Now, let’s delve into what TimeLine is and how it solves these issues, particularly with CIRR.

What is a Timeline ?

I recommend reading the paper if possible. However, I can simplify the terms here. This section doesn't explain Golem-Timeline but only the idea of Timeline. Refer to the diagram below.

We plot 4 timelines based on incoming events:

  1. “Has the user ever started playing”: The application found that this is at T1 when reading the events. It’s a boolean plot that turns true after T1.
  2. “Has the user ever performed a seek”: We observe this at T2. Similarly, it’s a boolean plot that turns true after T2.
  3. There’s a third timeline in the diagram identical to the second one, but intentionally set to false after a configurable 5 seconds. This adjustment reflects that users don’t seek indefinitely.

4. The fourth timeline is quite intriguing. It’s a derived timeline based on another timeline that plots all states (such as seek, buffer, play, pause, etc.) as string values over time. We then apply an “EqualTo” operation on this timeline with the string value “Buffer”, which produces a plot indicating the time period during which the state was “Buffer”.

The technical details of how we precisely plotted this are not relevant at this moment, so please bear with me until we discuss that.

In the above figure, we really don’t need the second timeline. Therefore, we removed it from the diagram.

For simplicity purpose our TimeLine is just a collection of time -> event-value pair. If that’s the case, we can do a Logical And between timelines. At this point, we are not even talking about any streaming, but simple code that does a logical And . In the above diagram if we do a logical And of all these three timelines, we get the following:

“The total time period of buffering while the user was seeking”

So how do we compute the total buffer time that’s not part of the seek event?

We simply flip the second timeline (using not ) and then do a logical and of x, y, and z . Now we get the buffer time that’s not because of the seek event!

TimeLine Paper exposes the following DSL to represent various types of operations.

Here is how you can map the above explanations to the above diagrams.

How to use Golem Timeline?

As you know we are building this idea using golem-timeline where users will write domain logic as follows:

// Timeline DSL
let t1 = TLHasExisted(col("playerStateChange") == 'play')
let t2 = TLHasExistedWithin(col("userAction") == 'seek', 5);
let t3 = TLEventToState(col('playerStateChange')) == 'buffer';
let t4 = TLEventToState(col('cdnChange')) == 'CDN1';
let result = And(And(And(t1, !t2), t3), t4);
result.at(2pm)

You can compare this with the screenshot above that shows pyspark logic.
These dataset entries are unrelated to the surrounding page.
lemma quadratic_form_nonneg: "0 \<le> (a::real)^2 + a*b + b^2"
  and quadratic_form_eq_0_iff: "(a::real)^2 + a*b + b^2 = 0 \<longleftrightarrow> a = 0 \<and> b = 0"
proof -
  have sq: "a^2 + a*b + b^2 = ((2*a + b)^2 + 3 * b^2) / 4"
    by (simp add: power2_eq_square field_simps)
  show "0 \<le> a^2 + a*b + b^2" unfolding sq by simp
  show "a^2 + a*b + b^2 = 0 \<longleftrightarrow> a = 0 \<and> b = 0" unfolding sq by (auto simp: add_nonneg_eq_0_iff)
qed

lemma F2_factor:
  assumes "p > 0" "q > 0"
  shows "F2 K p q = K powr (-1/3) * p powr (-4/3) * q powr (-2/3) * ((1 - p) * (1 + p - p*q))"
proof -
  have "p powr (2/3) = p powr (-4/3) * p^2" "p powr (-1/3) = p powr (-4/3) * p"
    "q powr (1/3) = q powr (-2/3) * q"
    using powr_add[of p "-4/3" 2] powr_add[of p "-4/3" 1] powr_add[of q "-2/3" 1] assms
    by simp_all
  then show ?thesis
    unfolding F2_def by (simp add: algebra_simps power2_eq_square)
qed

lemma F3_factor:
  assumes "p > 0" "q > 0"
  shows "F3 K p q = K powr (-1/3) * p powr (-4/3) * q powr (-2/3) * p * ((1 - q) * (p + p*q - 1))"
proof -
  have "p powr (2/3) = p powr (-4/3) * p^2" "p powr (-1/3) = p powr (-4/3) * p"
    "q powr (1/3) = q powr (-2/3) * q" "q powr (4/3) = q powr (-2/3) * q^2"
    using powr_add[of p "-4/3" 2] powr_add[of p "-4/3" 1] powr_add[of q "-2/3" 1]
      powr_add[of q "-2/3" 2] assms
    by simp_all
  then show ?thesis
    unfolding F3_def by (simp add: algebra_simps power2_eq_square)
qed

lemma exp_powr_prefactor:
  "exp a powr (-1/3) * exp b powr (-4/3) * exp c powr (-2/3) = exp (- (a + 4*b + 2*c) / 3 :: real)"
  by (simp add: exp_powr_real flip: exp_add)

lemma F2_exp:
  "F2 (exp a) (exp b) (exp c) =
     exp (- (a + 4*b + 2*c) / 3) * ((1 - exp b) * (1 + exp b - exp (b + c)))"
  unfolding F2_factor[OF exp_gt_zero exp_gt_zero] exp_powr_prefactor by (simp add: exp_add)

lemma F3_exp:
  "F3 (exp a) (exp b) (exp c) =
     exp (- (a + 4*b + 2*c) / 3) * exp b * ((1 - exp c) * (exp b + exp (b + c) - 1))"
  unfolding F3_factor[OF exp_gt_zero exp_gt_zero] exp_powr_prefactor by (simp add: exp_add)

definition aniso_op :: "(real \<Rightarrow> real) \<Rightarrow> (real \<Rightarrow> real) \<Rightarrow> (real \<Rightarrow> real) \<Rightarrow> real \<Rightarrow> real" where
  "aniso_op y1' v' v'' x = v'' x - 2 * (1 + 2*x^2) / (x * (1 - x^2)) * v' x + 1/2 * y1' x * v' x"

lemma one_minus_sq_pos: "x \<in> {0<..<1} \<Longrightarrow> 0 < 1 - (x::real)^2"
  by (simp add: power_less_one_iff abs_square_less_1)

lemma aniso_op_scale:
  "aniso_op y1' (\<lambda>x. c * v' x) (\<lambda>x. c * v'' x) x = c * aniso_op y1' v' v'' x"
  unfolding aniso_op_def by (simp add: algebra_simps)

lemma aniso_op_add:
  "aniso_op y1' (\<lambda>x. v' x + w' x) (\<lambda>x. v'' x + w'' x) x =
     aniso_op y1' v' v'' x + aniso_op y1' w' w'' x"
  unfolding aniso_op_def by (simp add: distrib_left)

lemma has_derivative_y1_weight:
  assumes x: "x \<in> {0<..<1}" and "(v has_real_derivative v' x) (at x)"
  shows "((\<lambda>t. (1 - t^2)^2 / t * v t) has_real_derivative
           (1 - x^2)^2 / x * (v' x - (1 + 3*x^2) / (x * (1 - x^2)) * v x)) (at x)"
proof -
  have "x \<noteq> 0" "1 - x^2 \<noteq> 0" using x one_minus_sq_pos[OF x] by auto
  then show ?thesis
    by (auto intro!: derivative_eq_intros assms(2) simp: field_simps power2_eq_square)
qed

lemma has_derivative_aniso_weight:
  assumes x: "x \<in> {0<..<1}" and "(y1 has_real_derivative y1' x) (at x)"
    and "(v' has_real_derivative v'' x) (at x)"
  shows "((\<lambda>t. (1 - t^2)^3 / t^2 * exp (y1 t / 2) * v' t) has_real_derivative
           (1 - x^2)^3 / x^2 * exp (y1 x / 2) * aniso_op y1' v' v'' x) (at x)"
proof -
  have "x \<noteq> 0" "1 - x^2 \<noteq> 0" using x one_minus_sq_pos[OF x] by auto
  then show ?thesis unfolding aniso_op_def
    by (auto intro!: derivative_eq_intros assms(2,3) simp: field_simps power2_eq_square power3_eq_cube)
qed

locale einstein_ode =
  fixes y1 y2 y3 y1' y2' y3' y1'' y2'' y3'' s :: "real \<Rightarrow> real"
  assumes d1: "\<And>x. x \<in> {0..1} \<Longrightarrow> (y1 has_real_derivative y1' x) (at x within {0..1})"
    and d2: "\<And>x. x \<in> {0..1} \<Longrightarrow> (y2 has_real_derivative y2' x) (at x within {0..1})"
    and d3: "\<And>x. x \<in> {0..1} \<Longrightarrow> (y3 has_real_derivative y3' x) (at x within {0..1})"
    and dd1: "\<And>x. x \<in> {0..1} \<Longrightarrow> (y1' has_real_derivative y1'' x) (at x within {0..1})"
    and dd2: "\<And>x. x \<in> {0..1} \<Longrightarrow> (y2' has_real_derivative y2'' x) (at x within {0..1})"
    and dd3: "\<And>x. x \<in> {0..1} \<Longrightarrow> (y3' has_real_derivative y3'' x) (at x within {0..1})"
    and s_pos: "\<And>x. x \<in> {0<..<1} \<Longrightarrow> s x > 0"
    and s_cont: "continuous_on {0<..<1} s"
    and ode1: "\<And>x. x \<in> {0<..<1} \<Longrightarrow>
      y1'' x - (1 + 3*x^2) / (x * (1 - x^2)) * y1' x + 1/6 * (y1' x)^2
        + 1/3 * ((y2' x)^2 + y2' x * y3' x + (y3' x)^2) = 0"
    and ode2: "\<And>x. x \<in> {0<..<1} \<Longrightarrow>
      aniso_op y1' y2' y2'' x + s x * (1 + exp (y2 x) - exp (y2 x + y3 x)) * (1 - exp (y2 x)) = 0"
    and ode3: "\<And>x. x \<in> {0<..<1} \<Longrightarrow>
      aniso_op y1' y3' y3'' x
        + s x * exp (y2 x) * (exp (y2 x) + exp (y2 x + y3 x) - 1) * (1 - exp (y3 x)) = 0"
    and at_one: "y1 1 = 0" "y2 1 = 0" "y3 1 = 0" "y1' 1 = 0" "y2' 1 = 0" "y3' 1 = 0"

begin

lemma continuous_y: "continuous_on {0..1} y1" "continuous_on {0..1} y2" "continuous_on {0..1} y3"
  "continuous_on {0..1} y1'"
  by (rule DERIV_continuous_on, erule d1 d2 d3 dd1)+

lemma continuous_on_open_y: "continuous_on {0<..<1} y1" "continuous_on {0<..<1} y2"
  "continuous_on {0<..<1} y3" "continuous_on {0<..<1} y1'"
  using continuous_y by (auto elim: continuous_on_subset)

lemma d23: "x \<in> {0..1} \<Longrightarrow>
    ((\<lambda>x. y2 x + y3 x) has_real_derivative y2' x + y3' x) (at x within {0..1})"
  and dd23: "x \<in> {0..1} \<Longrightarrow>
    ((\<lambda>x. y2' x + y3' x) has_real_derivative y2'' x + y3'' x) (at x within {0..1})"
  by (intro DERIV_add d2 d3 dd2 dd3; assumption)+

lemma interior_deriv:
  "x \<in> {0<..<1} \<Longrightarrow> (y1 has_real_derivative y1' x) (at x)"
  "x \<in> {0<..<1} \<Longrightarrow> (y2 has_real_derivative y2' x) (at x)"
  "x \<in> {0<..<1} \<Longrightarrow> (y3 has_real_derivative y3' x) (at x)"
  "x \<in> {0<..<1} \<Longrightarrow> ((\<lambda>x. y2 x + y3 x) has_real_derivative y2' x + y3' x) (at x)"
  using d1[of x] d2[of x] d3[of x] d23[of x] by (auto simp: at_within_Icc_at)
Golem-Timeline is in development which pipes in powerful features on top of this wonderful abstraction because it is based on Golem — which is a durable execution engine that exposes stateful workers (executors) that live forever.

What is Golem?

Taken from its website: Golem is an evolution of serverless computing that allows workers to be long-lived and stateful. Through a new paradigm called durable computing, workers deployed onto Golem can survive hardware failures, upgrades, and updates, offering a reliable foundation for building distributed, stateful applications.

This description straight away address many of the burning concerns discussed above.

What does this mean for Timeline?

Now that you have seen an example of a timeline operation, such as
has the user ever started playing, or the duration in which user was seeking . Internally timeline will be a group of workers listening to events or other workers performing the logic based on the DSL node and these workers are durable. The state of these workers are simple in-memory map. This implies deploying golem-timeline in your company doesn’t involve a plethora of infrastructure requirements.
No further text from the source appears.